On the plus side of the ledger, Dewey lists about $13m in cash, outstanding accounts receivables totaling $255m, “work in progress” and artwork whose value is unspecified.

Other assets listed include “potential estate claims and causes of action against partners and other third parties”.

An attached list of the firm’s 20 largest unsecured creditors is led by the Pension Benefit Guaranty Corporation, which has sued Dewey for $80m to cover the obligations of its underfunded pension plans. Other unsecured creditors include the landlord of Dewey’s 1301 Avenue of the Americas headquarters office, Thomson Reuters and Bank of America.

The Chapter 11 petition says Dewey expects to pay off its unsecured creditors, a group that includes banks, vendors and other law firms. In a press release, the firm said the filing was made “to preserve assets and wind down its business in the most orderly and efficient way possible”.

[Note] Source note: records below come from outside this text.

(* Let $F_0$ be a QF-NIA formula, and let $F$ be a linearization of $F_0$ with artificial bounds $B$. Define, for each model $M$ of $F$, $\mathrm{cost}(M)$ to be the number of bounds in $B$ that are not satisfied by $M$. Then $\mathrm{cost}$ is admissible: $\mathrm{cost}(M)\ge 0$ for every model $M$ of $F$, and if $\mathrm{cost}(M)=0$ then $M$ (restricted to the variables of $F_0$) is a model of $F_0$.
   Context: A QF-NIA formula is a quantifier-free CNF formula whose atoms are polynomial inequalities with integer coefficients over integer-valued variables. Artificial bounds are a finite set $B$ of constraints $V\ge L$ or $V\le U$ ($L,U\in\mathbb{Z}$) on variables of $F_0$. A linearization $F$ of $F_0$ with artificial bounds $B$ is a QF-LIA formula obtained as follows. While some non-linear monomial $Q$ occurs, pick a variable $V$ of $Q$ that has both a lower bound $l$ and an upper bound $u$ in $F_0\cup B$. Introduce a fresh integer variable $v_Q$ and replace every occurrence of $Q$ by $v_Q$. Add, for each integer $K$ with $l\le K\le u$, the clause $V=K\rightarrow v_Q=Q[V:=K]$, where $Q[V:=K]$ is $Q$ with $V$ evaluated at $K$. New non-linear monomials appearing in these clauses are processed in the same way. $F$ does not contain the bounds of $B$. A model of $F$ is an integer assignment to all variables of $F$ (original and fresh) satisfying $F$. *)

theory Defs
  imports Main "HOL-Library.Multiset"
begin

text \<open>A monomial is a multiset of variables; a polynomial with integer coefficients
  is a list of terms (coefficient, monomial). The empty monomial is the constant 1.\<close>

type_synonym 'v mono = "'v multiset"
type_synonym 'v poly = "(int \<times> 'v mono) list"

text \<open>An atom is the polynomial inequality  p >= 0  (every polynomial inequality with
  integer coefficients can be brought into this form).\<close>
datatype 'v atom = Geq0 "'v poly"

type_synonym 'v clause = "'v atom list"
type_synonym 'v formula = "'v clause list"

type_synonym 'v assignment = "'v \<Rightarrow> int"

definition eval_mono :: "'v assignment \<Rightarrow> 'v mono \<Rightarrow> int" where
  "eval_mono \<sigma> m = prod_mset (image_mset \<sigma> m)"

definition eval_poly :: "'v assignment \<Rightarrow> 'v poly \<Rightarrow> int" where
  "eval_poly \<sigma> p = sum_list (map (\<lambda>(c, m). c * eval_mono \<sigma> m) p)"

fun sat_atom :: "'v assignment \<Rightarrow> 'v atom \<Rightarrow> bool" where
  "sat_atom \<sigma> (Geq0 p) = (eval_poly \<sigma> p \<ge> 0)"

definition sat_clause :: "'v assignment \<Rightarrow> 'v clause \<Rightarrow> bool" where
  "sat_clause \<sigma> C = (\<exists>a\<in>set C. sat_atom \<sigma> a)"

definition sat_formula :: "'v assignment \<Rightarrow> 'v formula \<Rightarrow> bool" where
  "sat_formula \<sigma> F = (\<forall>C\<in>set F. sat_clause \<sigma> C)"

fun atom_poly :: "'v atom \<Rightarrow> 'v poly" where
  "atom_poly (Geq0 p) = p"

definition monos_formula :: "'v formula \<Rightarrow> 'v mono set" where
  "monos_formula F = {m. \<exists>C\<in>set F. \<exists>a\<in>set C. \<exists>c. (c, m) \<in> set (atom_poly a)}"

definition vars_formula :: "'v formula \<Rightarrow> 'v set" where
  "vars_formula F = (\<Union>m\<in>monos_formula F. set_mset m)"

definition nonlinear_mono :: "'v mono \<Rightarrow> bool" where
  "nonlinear_mono m = (size m \<ge> 2)"

definition linear_atom :: "'v atom \<Rightarrow> bool" where
  "linear_atom a = (\<forall>(c, m)\<in>set (atom_poly a). \<not> nonlinear_mono m)"

definition linear_formula :: "'v formula \<Rightarrow> bool" where
  "linear_formula F = (\<forall>m\<in>monos_formula F. \<not> nonlinear_mono m)"

datatype 'v bound = Lower 'v int | Upper 'v int

fun sat_bound :: "'v assignment \<Rightarrow> 'v bound \<Rightarrow> bool" where
  "sat_bound \<sigma> (Lower V L) = (\<sigma> V \<ge> L)"
| "sat_bound \<sigma> (Upper V U) = (\<sigma> V \<le> U)"

fun bound_var :: "'v bound \<Rightarrow> 'v" where
  "bound_var (Lower V _) = V"
| "bound_var (Upper V _) = V"

text \<open>A bound constraint occurring in F0: a unit clause consisting of a linear atom
  expressing exactly  V >= L  (resp. V <= U).\<close>
definition lower_bound_in :: "'v formula \<Rightarrow> 'v bound set \<Rightarrow> 'v \<Rightarrow> int \<Rightarrow> bool" where
  "lower_bound_in F0 B V L =
     (Lower V L \<in> B \<or>
      (\<exists>a. [a] \<in> set F0 \<and> linear_atom a \<and> (\<forall>\<sigma>. sat_atom \<sigma> a \<longleftrightarrow> \<sigma> V \<ge> L)))"

definition upper_bound_in :: "'v formula \<Rightarrow> 'v bound set \<Rightarrow> 'v \<Rightarrow> int \<Rightarrow> bool" where
  "upper_bound_in F0 B V U =
     (Upper V U \<in> B \<or>
      (\<exists>a. [a] \<in> set F0 \<and> linear_atom a \<and> (\<forall>\<sigma>. sat_atom \<sigma> a \<longleftrightarrow> \<sigma> V \<le> U)))"

definition subst_poly :: "'v mono \<Rightarrow> 'v \<Rightarrow> 'v poly \<Rightarrow> 'v poly" where
  "subst_poly Q v p = map (\<lambda>(c, m). if m = Q then (c, {#v#}) else (c, m)) p"

fun subst_atom :: "'v mono \<Rightarrow> 'v \<Rightarrow> 'v atom \<Rightarrow> 'v atom" where
  "subst_atom Q v (Geq0 p) = Geq0 (subst_poly Q v p)"

definition subst_formula :: "'v mono \<Rightarrow> 'v \<Rightarrow> 'v formula \<Rightarrow> 'v formula" where
  "subst_formula Q v F = map (map (subst_atom Q v)) F"

text \<open>Q[V:=K] as a polynomial term: K^(multiplicity of V in Q) times Q without V.\<close>
definition eval_var_mono :: "'v mono \<Rightarrow> 'v \<Rightarrow> int \<Rightarrow> int \<times> 'v mono" where
  "eval_var_mono Q V K = (K ^ count Q V, filter_mset (\<lambda>x. x \<noteq> V) Q)"

text \<open>The clause  V = K --> v = Q[V:=K]  in CNF over atoms  p >= 0:
  (V >= K+1 \/ V <= K-1 \/ v - Q[V:=K] >= 0) /\ (V >= K+1 \/ V <= K-1 \/ Q[V:=K] - v >= 0).\<close>
definition link_clauses :: "'v \<Rightarrow> int \<Rightarrow> 'v \<Rightarrow> 'v mono \<Rightarrow> 'v formula" where
  "link_clauses V K v Q =
     (let (d, R) = eval_var_mono Q V K;
          neq = [Geq0 [(1, {#V#}), (-(K + 1), {#})], Geq0 [(-1, {#V#}), (K - 1, {#})]]
      in [neq @ [Geq0 [(1, {#v#}), (-d, R)]],
          neq @ [Geq0 [(-1, {#v#}), (d, R)]]])"

definition lin_step :: "'v formula \<Rightarrow> 'v bound set \<Rightarrow> 'v formula \<Rightarrow> 'v formula \<Rightarrow> bool" where
  "lin_step F0 B G G' =
     (\<exists>Q V l u v.
        Q \<in> monos_formula G \<and> nonlinear_mono Q \<and> V \<in># Q \<and>
        lower_bound_in F0 B V l \<and> upper_bound_in F0 B V u \<and>
        v \<notin> vars_formula G \<and> v \<notin> vars_formula F0 \<and> v \<notin> bound_var ` B \<and>
        G' = subst_formula Q v G @ concat (map (\<lambda>K. link_clauses V K v Q) [l..u]))"

definition is_linearization :: "'v formula \<Rightarrow> 'v bound set \<Rightarrow> 'v formula \<Rightarrow> bool" where
  "is_linearization F0 B F = ((lin_step F0 B)\<^sup>*\<^sup>* F0 F \<and> linear_formula F)"

definition cost :: "'v bound set \<Rightarrow> 'v assignment \<Rightarrow> nat" where
  "cost B M = card {b \<in> B. \<not> sat_bound M b}"

end

theory Submission
  imports Defs
begin

text \<open>Under the bounds, the value of the chosen variable V lies in [l..u], so the link
  clauses for K = M V force the fresh variable v to take the value of the replaced
  monomial Q; then the substituted formula is equivalent to the one before the step.
  The bounds that F0 itself contributes are linear unit clauses, which no substitution
  of a nonlinear monomial touches, so they survive into F and are enforced by any of its
  models. Hence a model of F satisfying every artificial bound is a model of F0.\<close>

lemma eval_poly_subst_poly:
  assumes "M v = eval_mono M Q"
  shows "eval_poly M (subst_poly Q v p) = eval_poly M p"
  unfolding eval_poly_def subst_poly_def
  by (induction p) (auto simp: eval_mono_def assms)

lemma sat_atom_subst_atom:
  assumes "M v = eval_mono M Q"
  shows "sat_atom M (subst_atom Q v a) \<longleftrightarrow> sat_atom M a"
  by (cases a) (simp add: eval_poly_subst_poly[OF assms])

lemma sat_formula_subst_formula:
  assumes "M v = eval_mono M Q"
  shows "sat_formula M (subst_formula Q v G) \<longleftrightarrow> sat_formula M G"
  unfolding sat_formula_def sat_clause_def subst_formula_def
  by (simp add: sat_atom_subst_atom[OF assms])

lemma subst_atom_linear:
  assumes "linear_atom a" and "nonlinear_mono Q"
  shows "subst_atom Q v a = a"
proof (cases a)
  case (Geq0 p)
  have "\<forall>(c, m)\<in>set p. m \<noteq> Q"
    using assms Geq0 unfolding linear_atom_def by auto
  then have "subst_poly Q v p = p"
    unfolding subst_poly_def by (induction p) auto
  then show ?thesis using Geq0 by simp
qed

lemma eval_mono_eval_var_mono:
  "eval_mono M Q = (let (d, R) = eval_var_mono Q V (M V) in d * eval_mono M R)"
proof -
  have "Q = filter_mset (\<lambda>x. x = V) Q + filter_mset (\<lambda>x. x \<noteq> V) Q"
    by (rule multiset_partition)
  then have "eval_mono M Q =
      eval_mono M (filter_mset (\<lambda>x. x = V) Q) * eval_mono M (filter_mset (\<lambda>x. x \<noteq> V) Q)"
    unfolding eval_mono_def by (metis image_mset_union prod_mset.union)
  then show ?thesis
    by (simp add: eval_var_mono_def filter_eq_replicate_mset eval_mono_def)
qed

lemma sat_link_clauses:
  "sat_formula M (link_clauses V K v Q) \<longleftrightarrow> (M V = K \<longrightarrow> M v = eval_mono M Q)"
proof -
  obtain d R where dR: "eval_var_mono Q V K = (d, R)" by fastforce
  have "sat_formula M (link_clauses V K v Q) \<longleftrightarrow> (M V = K \<longrightarrow> M v = d * eval_mono M R)"
    unfolding link_clauses_def dR sat_formula_def sat_clause_def
    by (auto simp: eval_poly_def eval_mono_def)
  then show ?thesis
    using eval_mono_eval_var_mono[of M Q V] dR by auto
qed

lemma lin_step_keeps_linear_unit:
  assumes "lin_step F0 B G G'" and "[a] \<in> set G" and "linear_atom a"
  shows "[a] \<in> set G'"
proof -
  obtain Q v K where Q: "nonlinear_mono Q" and G': "G' = subst_formula Q v G @ K"
    using assms(1) unfolding lin_step_def by blast
  have "map (subst_atom Q v) [a] \<in> set (subst_formula Q v G)"
    using assms(2) unfolding subst_formula_def by (metis imageI list.set_map)
  then show ?thesis
    using subst_atom_linear[OF assms(3) Q] G' by simp
qed

lemma lin_steps_keep_linear_unit:
  assumes "(lin_step F0 B)\<^sup>*\<^sup>* G G'" and "[a] \<in> set G" and "linear_atom a"
  shows "[a] \<in> set G'"
  using assms by induction (auto intro: lin_step_keeps_linear_unit)

lemma lin_step_reflects_sat:
  assumes "lin_step F0 B G G'" and "sat_formula M G'"
    and "\<forall>b\<in>B. sat_bound M b"
    and "\<And>a. [a] \<in> set F0 \<Longrightarrow> linear_atom a \<Longrightarrow> sat_atom M a"
  shows "sat_formula M G"
proof -
  obtain Q V l u v where
    lb: "lower_bound_in F0 B V l" and ub: "upper_bound_in F0 B V u" and
    G': "G' = subst_formula Q v G @ concat (map (\<lambda>K. link_clauses V K v Q) [l..u])"
    using assms(1) unfolding lin_step_def by blast
  have "l \<le> M V"
    using lb assms(3,4) unfolding lower_bound_in_def by fastforce
  moreover have "M V \<le> u"
    using ub assms(3,4) unfolding upper_bound_in_def by fastforce
  ultimately have "set (link_clauses V (M V) v Q) \<subseteq> set G'"
    using G' by auto
  then have "sat_formula M (link_clauses V (M V) v Q)"
    using assms(2) unfolding sat_formula_def by auto
  then have "M v = eval_mono M Q"
    by (simp add: sat_link_clauses)
  moreover have "sat_formula M (subst_formula Q v G)"
    using assms(2) G' unfolding sat_formula_def by auto
  ultimately show ?thesis
    by (simp add: sat_formula_subst_formula)
qed

lemma lin_steps_reflect_sat:
  assumes "(lin_step F0 B)\<^sup>*\<^sup>* F0 G" and "sat_formula M G"
    and "\<forall>b\<in>B. sat_bound M b"
  shows "sat_formula M F0"
proof -
  have units: "sat_atom M a" if "[a] \<in> set F0" and "linear_atom a" for a
  proof -
    have "[a] \<in> set G"
      using lin_steps_keep_linear_unit[OF assms(1) that] .
    then show ?thesis
      using assms(2) unfolding sat_formula_def sat_clause_def by auto
  qed
  from assms(1,2) show ?thesis
  proof (induction rule: rtranclp_induct)
    case base
    then show ?case .
  next
    case (step G G')
    then show ?case
      using lin_step_reflects_sat[OF step.hyps(2) step.prems assms(3) units] by blast
  qed
qed

lemma cost_eq_0_iff:
  assumes "finite B"
  shows "cost B M = 0 \<longleftrightarrow> (\<forall>b\<in>B. sat_bound M b)"
  using assms unfolding cost_def by auto

theorem lemma3p2:
  fixes F0 F :: "'v formula" and B :: "'v bound set"
  assumes "finite B"
    and "is_linearization F0 B F"
  shows "\<forall>M. sat_formula M F \<longrightarrow> cost B M \<ge> 0 \<and> (cost B M = 0 \<longrightarrow> sat_formula M F0)"
proof (intro allI impI conjI)
  fix M
  assume "sat_formula M F" and "cost B M = 0"
  then show "sat_formula M F0"
    using assms lin_steps_reflect_sat cost_eq_0_iff
    unfolding is_linearization_def by blast
qed simp

end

The release notes that 90 employees will stay on to help with that process and states much of that activity is expected to be finished within “the next few months”. The firm petitioned the bankruptcy court to allow those overseeing the effort to use available cash to keep paying salaries and benefits for those employees. Dewey general counsel, Janis Meyer, the firm’s recently appointed executive partner, Stephen Horvath, and its director of finance, Francis Canellas are among those still at the firm who will help guide it through the bankruptcy process.

The documents filed on Monday also detail Dewey’s negotiations with its creditors in recent months and steps it took to minimise the damage once it knew shutting down was a foregone conclusion. Those steps included selling the firm’s ownership interest in its Warsaw office to Greenberg Traurig for $6m and fetching more than $4m for its stake in its Russia and Kazakhstan offices from Morgan Lewis & Bockius.

The Dewey press release says that client work continues to be met “mainly by former Dewey & LeBoeuf law partners who have moved on to other firms in recent months.”